Thanathorn may face probe over Future Forward Party loan

Thanathorn may face probe over Future Forward Party loan

Activist questions legalities of deal

Future Forward leader Thanathorn Juangroongruangkit speaks a media briefing on Tuesday to reiterate the party's position against attempts to prolong power of the National Council for Peace and Order after the election. (Photo by Varuth Hirunyatheb)
Future Forward leader Thanathorn Juangroongruangkit speaks a media briefing on Tuesday to reiterate the party's position against attempts to prolong power of the National Council for Peace and Order after the election. (Photo by Varuth Hirunyatheb)

Activist Srisuwan Janya is planning to petition the Election Commission (EC) to investigate whether Future Forward Party (FFP) leader Thanathorn Juangroongruangkit has broken the law for giving a loan worth over 100 million baht to his own party.

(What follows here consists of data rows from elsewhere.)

lemma hLap_eq_osc: "hLap E w p = {\<Sum>e\<in>E. (w e * osc e p) *\<^sub>R b e | b. \<forall>e\<in>E. b e \<in> argmaxB e p}"
proof -
  have eq: "(\<Sum>e\<in>E. (w e * (b e \<bullet> p)) *\<^sub>R b e) = (\<Sum>e\<in>E. (w e * osc e p) *\<^sub>R b e)"
    if "\<forall>e\<in>E. b e \<in> argmaxB e p" for b
    using that by (intro sum.cong) (auto simp: inner_argmaxB edge_nonempty)
  show ?thesis
    unfolding hLap_def
  proof (intro Collect_cong iffI; elim exE conjE)
    fix z b assume "z = (\<Sum>e\<in>E. (w e * (b e \<bullet> p)) *\<^sub>R b e)" "\<forall>e\<in>E. b e \<in> argmaxB e p"
    then show "\<exists>b. z = (\<Sum>e\<in>E. (w e * osc e p) *\<^sub>R b e) \<and> (\<forall>e\<in>E. b e \<in> argmaxB e p)"
      by (intro exI[of _ b]) (simp add: eq)
  next
    fix z b assume "z = (\<Sum>e\<in>E. (w e * osc e p) *\<^sub>R b e)" "\<forall>e\<in>E. b e \<in> argmaxB e p"
    then show "\<exists>b. z = (\<Sum>e\<in>E. (w e * (b e \<bullet> p)) *\<^sub>R b e) \<and> (\<forall>e\<in>E. b e \<in> argmaxB e p)"
      by (intro exI[of _ b]) (simp add: eq)
  qed
qed

lemma compact_hLap: "compact (hLap E w p)" and convex_hLap: "convex (hLap E w p)"
  unfolding hLap_eq_osc
  using compact_convex_weighted_sums[OF finite_hyperedges, where A="\<lambda>e. argmaxB e p"]
  by (auto simp: compact_argmaxB convex_argmaxB edge_nonempty)

lemma hLap_monotone:
  assumes u: "u \<in> hLap E w p" and v: "v \<in> hLap E w q"
  shows "0 \<le> (u - v) \<bullet> (p - q)"
proof -
  obtain b where b: "\<forall>e\<in>E. b e \<in> argmaxB e p" "u = (\<Sum>e\<in>E. (w e * (b e \<bullet> p)) *\<^sub>R b e)"
    using u unfolding hLap_def by blast
  obtain c where c: "\<forall>e\<in>E. c e \<in> argmaxB e q" "v = (\<Sum>e\<in>E. (w e * (c e \<bullet> q)) *\<^sub>R c e)"
    using v unfolding hLap_def by blast
  have "(u - v) \<bullet> (p - q) = (\<Sum>e\<in>E. w e *
      ((b e \<bullet> p) * (b e \<bullet> p - b e \<bullet> q) - (c e \<bullet> q) * (c e \<bullet> p - c e \<bullet> q)))"
    unfolding b(2) c(2)
    by (simp add: sum_subtractf[symmetric] inner_sum_left inner_diff_left inner_diff_right algebra_simps)
  also have "\<dots> \<ge> 0"
  proof (intro sum_nonneg mult_nonneg_nonneg)
    fix e assume e: "e \<in> E"
    then show "0 \<le> w e" using weight_pos less_imp_le by blast
    have bp: "c e \<bullet> p \<le> b e \<bullet> p" and cq: "b e \<bullet> q \<le> c e \<bullet> q"
      using b(1) c(1) e unfolding argmaxB_def by auto
    have "0 \<le> b e \<bullet> p" "0 \<le> c e \<bullet> q"
      using b(1) c(1) e inner_argmaxB[OF edge_nonempty[OF e]] osc_nonneg[OF edge_nonempty[OF e]]
      by auto
    then have "(b e \<bullet> p) * (b e \<bullet> q) \<le> (b e \<bullet> p) * (c e \<bullet> q)"
      and "(c e \<bullet> q) * (c e \<bullet> p) \<le> (c e \<bullet> q) * (b e \<bullet> p)"
      using bp cq by (simp_all add: mult_left_mono)
    moreover have "0 \<le> (b e \<bullet> p - c e \<bullet> q)\<^sup>2" by simp
    ultimately show "0 \<le> (b e \<bullet> p) * (b e \<bullet> p - b e \<bullet> q) - (c e \<bullet> q) * (c e \<bullet> p - c e \<bullet> q)"
      by (simp add: power2_eq_square algebra_simps)
  qed
  finally show ?thesis .
qed

definition Dinvsqrt :: "real^'a \<Rightarrow> real^'a" where
  "Dinvsqrt f = (\<chi> x. f$x / sqrt (deg x))"

lemma Dinvsqrt_diff: "Dinvsqrt (f - g) = Dinvsqrt f - Dinvsqrt g"
  by (simp add: Dinvsqrt_def vec_eq_iff diff_divide_distrib)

Mr Srisuwan said the EC should take up the issue as Mr Thanathorn risked breaking the political parties law.

He will call on the EC on Tuesday and press for a probe into the loan.

Mr Thanathorn told a forum at the Foreign Correspondents Club of Thailand on March 15 that he gave his party a loan of more than 100 million to help finance the election campaign.

He said there was no way the FFP could raise enough campaign funds in time for the March 24 election as the party was established only on Oct 3 last year.

For the sake of transparency, Mr Thanathorn said he did not wish to give “free money” so he lent it to the party which was open about the issue and made it known how the money would be spent.

In the party’s balance sheet, he is listed as the party’s creditor. However, Mr Thanathorn said he could not remember the exact amount of the loan which he said could be in the region of 105 million baht or 110 million baht.

Mr Thanathorn, a scion of the Thai Summit Group, an auto-parts conglomerate, stressed it was crucial to make the FFP’s finances strong enough to enable the party to stand on its feet and pay the money back to him.

FFP spokeswoman Pannika Wanich on Sunday explained conflicting figures about the amount of the loan. She earlier said the loan was valued at 250 million baht.

She insisted 250 million was an estimated figure for election spending. However, the party’s actual expenses was lower than the estimate.

Meanwhile, Chartchai Na Chiang Mai, a former charter writer, said parties cannot borrow money because they are not a juristic person or company engaged in commercial business.

Parties’ finances are mainly governed by Sections 66 and 125 of the organic law on political parties.

Section 66 bars any individual person from donating or giving money, assets or interests to parties in excess of 10 million baht a year. In case of a juristic person, the limit is set at no more than 5 million baht a year.

A juristic person or company giving or making such donation must inform shareholders at its assembly meeting after the donation is made.

Political parties are barred from accepting donations exceeding the amounts in question.